We went outside and staked out the area, waiting for it to emerge from a crack between metal trim and the concrete. After a few minutes, it poked its head and torso from the 2-inch gap. Then it squeezed out, paused between us without fear and boinged past us to greenery.

Since then, I have heard of several more weasel sightings. Bob, who was there at the university, saw one in his woodpile a few days later.

Link Olson is not calling this the year of the weasel, but the curator of mammals at the University of Alaska Museum has gotten "a ton" of calls from people reporting lots of voles, including the easy-to-identify yellow-cheeked vole. An abundance of the weasel's frequent meal makes Olson think perhaps there might be a good population of weasels out there.

And who is this fierce little cylinder? The one I saw was an ermine, also known as a short-tailed weasel (a stoat in Europe).

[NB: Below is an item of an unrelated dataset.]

(* Let $\mathbb{P}$ be a class of closed formulas, and let $P$ be a proof in $\mathbf{FBI}^{\mathbb{P}}$ of a safety problem $\Pi$. Then $\operatorname{Inv}^\rightleftharpoons(P)$ is a safe inductive invariant of $\Pi$, and if $P$ contains $n\in\mathbb{N}$ instances of the rule (Ind), then $\operatorname{Inv}^\rightleftharpoons(P)$ is a Boolean combination of $n$ predicates from $\mathbb{P}$.
   Context: A first-order vocabulary $\Sigma$ consists of constant, function and relation symbols; $\Sigma'=\{a' : a\in\Sigma\}$ is a disjoint copy, and for a formula $\varphi$ over $\Sigma$, $\varphi'$ denotes $\varphi$ with every symbol replaced by its primed copy. A safety problem is a triple $(\iota,\tau,\beta)$, where $\iota,\beta$ are closed formulas over $\Sigma$ and $\tau$ is a closed formula over $\Sigma\uplus\Sigma'$. $A\Rightarrow B$ means the implication $A\to B$ is valid. $\tau^{-1}$ denotes $\tau$ with each symbol of $\Sigma$ and its primed counterpart swapped. A closed formula $\varphi$ over $\Sigma$ is a safe inductive invariant of $(\iota,\tau,\beta)$ if $\iota\Rightarrow\varphi$, $\varphi\wedge\tau\Rightarrow\varphi'$ and $\varphi\Rightarrow\neg\beta$. Proofs: a proof of $\Pi$ in a system is a finite tree whose nodes are safety problems, whose root is $\Pi$, and in which each node together with its children is an instance of one of the system's rules, with side conditions valid. $\mathbf{FBI}$ has the rules ($\varphi$ ranges over closed formulas over $\Sigma$): (Ind): no premises; conclusion $(\iota,\tau,\neg\varphi)$; side conditions $\iota\Rightarrow\varphi$ and $\varphi\wedge\tau\Rightarrow\varphi'$. (Cons): premise $(\iota,\tau,\neg\varphi)$; conclusion $(\iota,\tau,\beta)$; side condition $\varphi\Rightarrow\neg\beta$. (Inc): premises $(\iota,\tau,\neg\varphi)$ and $(\iota\wedge\varphi,\ \tau\wedge\varphi\wedge\varphi',\ \beta\wedge\varphi)$; conclusion $(\iota,\tau,\beta)$. (Rev): premise $(\beta,\tau^{-1},\iota)$; conclusion $(\iota,\tau,\beta)$. $\mathbf{FBI}^{\mathbb{P}}$ is $\mathbf{FBI}$ with applications of (Ind) restricted to $\varphi\in\mathbb{P}$. $\operatorname{Inv}^\rightleftharpoons(P)$ is defined by induction on $P$: if the root is the conclusion $(\iota,\tau,\neg\varphi)$ of (Ind), it is $\varphi$; if the root is the conclusion of (Cons) with premise proof $\tilde P$, it is $\operatorname{Inv}^\rightleftharpoons(\tilde P)$; if the root is the conclusion of (Inc) with premise proofs $P_1,P_2$, it is $\operatorname{Inv}^\rightleftharpoons(P_1)\wedge\operatorname{Inv}^\rightleftharpoons(P_2)$; if the root is the conclusion of (Rev) with premise proof $\tilde P$, it is $\neg\operatorname{Inv}^\rightleftharpoons(\tilde P)$. *)

theory Defs
  imports Main
begin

There is something appealing about a weasel's sleek spunkiness that makes people want to keep one as a pet. Behind that cuteness is a killing machine. In the same family as wolverines and badgers, weasels are some of the busiest predators out there.

In the basement of the museum, Olson held up the jaw of a weasel that came to the collection from 15,000 feet on Denali. He showed how the weasel's jaw, unlike ours, is designed to move only up and down. The lower jaw is locked into the skull to strengthen the force of its bite.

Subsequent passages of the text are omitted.